Publications | gillanders-lab

2025 Publications (links to each paper available at read more)

Microplastic presence in dried and fresh fish from seafood markets in Sri Lanka

Wootton, Nina, Vinuri Silva, Danielle Giuretis, Patrick Reis-Santos, Bronwyn M. Gillanders. 2025. Marine and Freshwater Research.

Context. Microplastics have been found in aquatic ecosystems globally, including in many marine organisms. Despite this, understanding the occurrence of microplastics in seafood products prepared for human consumption has received less attention. Aims. This study aims to determine the abundance and type of microplastic in dried and fresh fish purchased from seafood markets. Methods. Four locally harvested species of anchovies and sardines were sampled from seafood markets across Sri Lanka. These pelagic species are popular seafood items and are commonly consumed whole. We analysed fresh (gastrointestinal tracts, and whole body) and dried fish (whole body) under the microscope for microplastic presence (>38 μm, < 5mm), followed by polymer validation. Key results. Across all fish sampled (N=215), 82.3% had microplastic (3.64  0.26 MPs/ind), with fibre shaped pieces making up more than 95% of all microplastic particles. Overall, contamination was higher in fresh fish compared to whole dried fish. And, acrylic resin was the most common polymer. Conclusions. Microplastics were found in nearly all fresh fish and almost half the dry fish from Sri Lanka, confirming the pervasive nature of microplastic contamination. Implications. Differences in contamination levels in popular seafood products demonstrate how preparation and consumption habits can influence microplastic intake.
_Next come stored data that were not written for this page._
(* Let $p,q,r$ be positive integers with $\frac1p+\frac1q+\frac1r\le1$, $M=\max\{p,q,r\}$, $m>0$, and let $a$ be a real number with $a>\max\{12M,\,m^2(m+3)\}$. Let $f(x,y,z)=x^p+y^q+z^r+axyz$ and $V_a(1,t)=f^{-1}(t)\cap D^6_1$, where $D^6_1$ is the closed unit ball in $\mathbb C^3$. Then for any real $\theta$, $V_a(1,\frac1a e^{i\theta})$ is a Milnor fiber of $f$, and every point $(x,y,z)\in V_a(1,\frac1ae^{i\theta})$ satisfies $\max\{|x|,|y|,|z|\}>\frac ma$.
   Context: The Milnor radius $\varepsilon_f$ of $f$ is the supremum of $\varepsilon$ such that every sphere $S^5_\rho$ ($0<\rho\le\varepsilon$) centered at the origin is transverse to $f^{-1}(0)$. A Milnor fiber of $f$ is a set $f^{-1}(\delta e^{i\theta})\cap D^6_\varepsilon$ where $\varepsilon<\varepsilon_f$ and $\delta>0$ is such that $f^{-1}(s)$ meets $S^5_\varepsilon$ transversally for all $0\le|s|\le\delta$. *)

theory Defs
  imports "HOL-Analysis.Analysis"
begin

text \<open>Points of C^3 are elements of complex^3 (Euclidean norm, real inner product
  of the underlying R^6).\<close>

definition fpqr :: "nat \<Rightarrow> nat \<Rightarrow> nat \<Rightarrow> real \<Rightarrow> complex^3 \<Rightarrow> complex" where
  "fpqr p q r a w = (w$1)^p + (w$2)^q + (w$3)^r + complex_of_real a * (w$1) * (w$2) * (w$3)"

text \<open>The level set of g through z meets the sphere through z (centred at 0) transversally
  at z: z is a regular point of g (the real differential is onto), and the tangent space of
  the level set (kernel of the differential) together with the tangent space of the sphere
  (vectors orthogonal to z) spans the whole real tangent space.\<close>

definition level_sphere_transversal_at :: "(complex^3 \<Rightarrow> complex) \<Rightarrow> complex^3 \<Rightarrow> bool" where
  "level_sphere_transversal_at g z \<longleftrightarrow>
     (\<exists>g'. (g has_derivative g') (at z) \<and> range g' = UNIV \<and>
        (\<forall>w. \<exists>u v. w = u + v \<and> g' u = 0 \<and> inner v z = 0))"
Local and regional-scale climate variability drives complex patterns of growth synchrony and asynchrony in deep-sea snappers across the Indo-Pacific

Widdrington, JB, P Reis-Santos, JI MacDonald, BR Moore, SJ Nicol, JR Morrongiello, BM Gillanders 2025. Global Change Biology

Climatic variation can play a critical role in driving synchronous and asynchronous patterns in the expression of life history characteristics across vast spatiotemporal scales. The synchronisation of traits, such as an individual’s growth rate, under environmental stress may indicate a loss of phenotypic diversity and thus increased population vulnerability to stochastic deleterious events. In contrast, synchronous growth under favourable ecological conditions and asynchrony during unfavourable conditions may help population resilience and buffer against the negative implications of future environmental variability. Despite the significant implications of growth synchrony and asynchrony to population productivity and persistence, little is known about its causes and consequences either within or among fish populations. This is especially true for long-lived deep-sea species that inhabit environments characterised by large-scale interannual and decadal changes, which could propagate growth synchrony across vast distances. We developed otolith growth chronologies for three deep-sea fishes (Etelis spp.) over 90˚ of longitude and 20˚ of latitude across the Indo-Pacific region. Using reconstructed time series of interannual growth from six distinct Exclusive Economic Zones (EEZs), we assessed the level of spatial synchrony at the individual-, population- and species-scale. Across five decades of data, complex patterns of synchronous and asynchronous growth were apparent for adult populations within and among EEZs of the Pacific Ocean, mediated by shifts in oceanographic phenomena such as the Pacific Decadal Oscillation (PDO). Overall, our results indicate that the degree of synchrony in biological traits at depth depends on life history stage, spatiotemporal scales of environmental variability, and the influence of ecological factors such as competition and dispersal. By determining the magnitude and timing of spatially synchronous growth at depth and its links to environmental variability, we can better understand fluctuations in deep-sea productivity and its vulnerability to future environmental stressors, which are key considerations for sustainability.